Los cocineros son esos señores que, con la única ayuda de un soporífero power point, imparten cursos sobre pujanza en la adversidad, trabajo en equipo y afán de superación, en interminables congresos que se celebran en edificios diseñados por arquitectos indescifrables. El mensaje se resume en la importancia de respetar el producto o, llegado el caso, el subproducto. Espejo en el que la sociedad entera debería mirarse, los cocineros comparten conocimientos, intercambian experiencias y aprenden los unos de los otros en un clima de armonía. Los garrotazos dialécticos no empiezan hasta el momento mismo en el que todos ellos entran en competición.
La lista de la revista ‘Restaurant’ ha vuelto a poner en evidencia la división de opiniones que el gremio grastronómico alberga realmente sobre sí mismo. Así, lo que para los beneficiarios de la clasificación es un mérito -“… y me siento el doble de honrado por ser éste un premio que me conceden mis propios compañeros”- para los danmificados constituye otra prueba irrefutable de la recua de farsantes que conforman el colectivo -“Pero éstos, ¿cuándo trabajan? Porque yo me dedico a cocinar, no a visitar otros restaurantes”-. Los hay que incluso atribuyen el éxito ajeno a la labor de los gabinetes de prensa, la más reconfortante visión disponible en la actualidad de un mundo que agoniza a razón de una mala noticia al día.

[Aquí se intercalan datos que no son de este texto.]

(* Let $n_1,n_2,n_3$ be distinct primes and let $k>1$ be an integer with $\gcd(k,n_i)=1$ for $i=1,2,3$, and suppose $n=n_1n_2n_3$ is a pseudoprime of basis $k$. Then for all $m,j\in\mathbb{N}$, $$\frac{k^{\,j\,|n_2n_3-n_1^{m}|}-1}{n_1}\in\mathbb{N},\qquad \frac{k^{\,j\,|n_1n_2-n_3^{m}|}-1}{n_3}\in\mathbb{N},\qquad \frac{k^{\,j\,|n_1n_3-n_2^{m}|}-1}{n_2}\in\mathbb{N}.$$
   Context: A positive integer $n$ is called a pseudoprime of basis $k$ (where $k>1$ is an integer) if $n$ is an odd composite number, $\gcd(n,k)=1$, and $k^{n-1}\equiv 1 \pmod n$. $\mathbb{N}$ denotes the positive integers. *)

theory Defs
  imports "HOL-Number_Theory.Number_Theory"
begin

definition pseudoprime :: "nat \<Rightarrow> nat \<Rightarrow> bool" where
  "pseudoprime n k \<longleftrightarrow> k > 1 \<and> odd n \<and> n > 1 \<and> \<not> prime n \<and> coprime n k \<and> [k ^ (n - 1) = 1] (mod n)"

text \<open>x is a positive integer (the paper's \<nat>).\<close>
definition pos_nat :: "real \<Rightarrow> bool" where
  "pos_nat x \<longleftrightarrow> x \<in> \<nat> \<and> x > 0"

end

theory Submission
  imports Defs
begin

(* Write n = p * a with p one of the three primes. The order d of k modulo p divides p - 1
   (Fermat) and p * a - 1 (pseudoprimality), so p and a are both 1 modulo d; hence d divides
   a - p^m and k^(j |a - p^m|) = 1 (mod p). The exponent is nonzero because p does not
   divide a, so the quotient is a positive integer. *)

lemma cong_power_if_dvd_pred:
  fixes d p a m :: nat
  assumes "p \<ge> 1" and "a \<ge> 1" and "d dvd p - 1" and "d dvd p * a - 1"
  shows "[a = p ^ m] (mod d)"
proof -
  have p_one: "[p = 1] (mod d)"
    using assms(1,3) by (simp add: cong_altdef_nat)
  have pa_one: "[p * a = 1] (mod d)"
    using assms by (simp add: cong_altdef_nat)
  have "[p * a = 1 * a] (mod d)"
    using p_one by (rule cong_mult) simp
  then have "[a = 1] (mod d)"
    using pa_one by (metis cong_sym cong_trans mult_1)
  moreover have "[p ^ m = 1] (mod d)"
    using cong_pow[OF p_one] by simp
  ultimately show ?thesis
    by (metis cong_sym cong_trans)
qed

lemma cong_power_abs_diff_one:
  fixes p a k m j :: nat
  assumes "prime p" and "coprime k p" and "a \<ge> 1"
    and "[k ^ (p * a - 1) = 1] (mod p)"
  shows "[k ^ (j * nat \<bar>int a - int (p ^ m)\<bar>) = 1] (mod p)"
proof -
  have "\<not> p dvd k"
    using assms(1,2) coprime_common_divisor[of k p p] by (auto simp: not_prime_unit)
  then have "ord p k dvd p - 1"
    using fermat_theorem[OF assms(1)] ord_divides by blast
  moreover have "ord p k dvd p * a - 1"
    using assms(4) ord_divides by blast
  ultimately have "[a = p ^ m] (mod ord p k)"
    using assms(1,3) prime_ge_1_nat cong_power_if_dvd_pred by blast
  then have "int (ord p k) dvd int (nat \<bar>int a - int (p ^ m)\<bar>)"
    by (simp add: cong_int_iff[symmetric] cong_iff_dvd_diff)
  then have "ord p k dvd j * nat \<bar>int a - int (p ^ m)\<bar>"
    by (simp only: int_dvd_int_iff) simp
  then show ?thesis
    using ord_divides by blast
qed

lemma pos_nat_pred_div:
  fixes x p :: nat
  assumes "p > 0" and "x > 1" and "p dvd x - 1"
  shows "pos_nat ((real x - 1) / real p)"
proof -
  obtain q where q: "x - 1 = p * q"
    using assms(3) by blast
  with assms(2) have "q > 0"
    by (cases q) auto
  moreover have "real x - 1 = real p * real q"
    using assms(2) q by (metis of_nat_1 of_nat_diff of_nat_mult less_imp_le)
  then have "(real x - 1) / real p = real q"
    using assms(1) by simp
  ultimately show ?thesis
    unfolding pos_nat_def by simp
qed

lemma pos_nat_power_abs_diff_div:
  fixes p a k m j :: nat
  assumes "prime p" and "coprime k p" and "k > 1" and "\<not> p dvd a"
    and "m \<ge> 1" and "j \<ge> 1"
    and "[k ^ (p * a - 1) = 1] (mod p)"
  shows "pos_nat ((real k ^ (j * nat \<bar>int a - int (p ^ m)\<bar>) - 1) / real p)"
proof -
  define e where "e = j * nat \<bar>int a - int (p ^ m)\<bar>"
  have "a \<ge> 1"
    using assms(4) by (cases a) auto
  have "p dvd p ^ m"
    using assms(5) by simp
  then have "a \<noteq> p ^ m"
    using assms(4) by auto
  then have "e > 0"
    using assms(6) unfolding e_def by auto
  then have "k ^ e > 1"
    using assms(3) one_less_power by blast
  moreover have "p dvd k ^ e - 1"
    unfolding e_def
    using cong_power_abs_diff_one[OF assms(1,2) \<open>a \<ge> 1\<close> assms(7)] cong_to_1_nat by blast
  ultimately have "pos_nat ((real (k ^ e) - 1) / real p)"
    using assms(1) prime_gt_0_nat pos_nat_pred_div by blast
  then show ?thesis
    unfolding e_def by simp
qed

lemma pseudoprime_cong_mod_factor:
  assumes "pseudoprime (p * a) k"
  shows "[k ^ (p * a - 1) = 1] (mod p)"
  using assms unfolding pseudoprime_def by (metis cong_dvd_modulus_nat dvd_triv_left)

lemma prime_not_dvd_mult_primes:
  fixes p q r :: nat
  assumes "prime p" "prime q" "prime r" "p \<noteq> q" "p \<noteq> r"
  shows "\<not> p dvd q * r"
  using assms by (metis prime_dvd_mult_iff primes_dvd_imp_eq)

theorem mainTheorem4:
  fixes n1 n2 n3 k :: nat
  assumes "prime n1" and "prime n2" and "prime n3"
    and "n1 \<noteq> n2" and "n1 \<noteq> n3" and "n2 \<noteq> n3"
    and "k > 1"
    and "coprime k n1" and "coprime k n2" and "coprime k n3"
    and "pseudoprime (n1 * n2 * n3) k"
  shows "\<forall>m j :: nat. m \<ge> 1 \<longrightarrow> j \<ge> 1 \<longrightarrow>
      pos_nat ((real k ^ (j * nat \<bar>int (n2 * n3) - int (n1 ^ m)\<bar>) - 1) / real n1) \<and>
      pos_nat ((real k ^ (j * nat \<bar>int (n1 * n2) - int (n3 ^ m)\<bar>) - 1) / real n3) \<and>
      pos_nat ((real k ^ (j * nat \<bar>int (n1 * n3) - int (n2 ^ m)\<bar>) - 1) / real n2)"
proof -
  have "pseudoprime (n1 * (n2 * n3)) k" "pseudoprime (n3 * (n1 * n2)) k"
    "pseudoprime (n2 * (n1 * n3)) k"
    using assms(11) by (simp_all add: ac_simps)
  note cong = this[THEN pseudoprime_cong_mod_factor]
  have "\<not> n1 dvd n2 * n3" "\<not> n3 dvd n1 * n2" "\<not> n2 dvd n1 * n3"
    using assms(1-6) prime_not_dvd_mult_primes by metis+
  with cong assms(1-3,7-10) show ?thesis
    by (blast intro: pos_nat_power_abs_diff_div)
qed

end
lemma step_towards:
  assumes "x \<in> V" "y \<in> V" "x \<noteq> y"
  shows "\<exists>z\<in>V. cdist x z = 1 \<and> cdist z y + 1 = cdist x y"
proof -
  have step: "\<exists>z\<in>V. cdist x z = 1 \<and> cdist z y + 1 = cdist x y"
    if w: "w \<in> V" "leg w = 0" "w \<noteq> x" "\<bar>pos x - pos w\<bar> + leg x = 1"
      "\<bar>pos x - pos y\<bar> + leg x = 1 + \<bar>pos w - pos y\<bar>" for w
  proof (intro bexI conjI)
    show "cdist x w = 1"
      using int_cdist[of x w] w by simp
    show "cdist w y + 1 = cdist x y"
    proof (cases "w = y")
      case False
      then show ?thesis
        using int_cdist[of w y] int_cdist[of x y] assms w by simp
    qed (use \<open>cdist x w = 1\<close> in simp)
  qed (rule w(1))
  consider "leg x = 1" | "leg x = 0" "pos y = pos x" | "leg x = 0" "pos y \<noteq> pos x"
    using leg_le_1[of x] by linarith
  then show ?thesis
  proof cases
    case 1
    obtain w where "w \<in> V" "leg w = 0" "pos w = pos x"
      using spine_interval[of x x "pos x"] assms by auto
    then show ?thesis
      using 1 by (intro step[of w]) auto
  next
    case 2
    then have "leg y = 1"
      using spine_inj[of x y] assms leg_le_1[of y] by (fastforce simp: le_Suc_eq)
    then have "cdist x y = 1"
      using int_cdist[of x y] assms 2 by simp
    then show ?thesis
      using assms by auto
  next
    case 3
    define p where "p = pos x + sgn (pos y - pos x)"
    have "min (pos x) (pos y) \<le> p" "p \<le> max (pos x) (pos y)"
      using 3 by (auto simp: p_def sgn_if)
    then obtain w where "w \<in> V" "leg w = 0" "pos w = p"
      using spine_interval[of x y p] spine_interval[of y x p] assms
      by (cases "pos x \<le> pos y") auto
    then show ?thesis
      using 3 by (intro step[of w]) (auto simp: p_def sgn_if split: if_splits)
  qed
qed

No es para menos. Que te sitúen entre los cien mejores establecimientos cuando tus tarifas son más propias de los diez primeros es sólo una forma muy sutil de llamarte estafador. Nunca en la historia de la Humanidad el hombre ha utilizado platos tan grandes para la ingesta de raciones tan pequeñas, lo que unido al indiscutible hecho de jamás antes pagó precios tan altos, da una idea del grado de refinamiento alcanzado. El prestigio de un restaurante es directamente proporcional al número utensilios de carpintería -pinceles, brochas…- y siderurgia -gafas de soldador, sopletes- que ha incorporado a la elaboración de sus creaciones. El objetivo es alterar el estado termo-emocional de los comensales, una responsabilidad que hasta ahora recaía exclusivamente en la botella de vino.
Mantenerse en lo más alto requiere ejercer un alto nivel de exigencia sobre el trabajo ajeno y en este punto nuestros cocineros son sus críticos más implacables. Cada uno de ellos está íntimamente convencido de que hay algo de farsa en todos los demás. La última vez que uno de los Arzak repitió aquello de que “los cocineros vascos somos una piña” pensé que de inmediato añadiría “colada”, pero no fue así. En cualquier caso, la primera imagen que la frase me trajo a la mente no fue la de una fruta tropical, sino la de una granada de mano.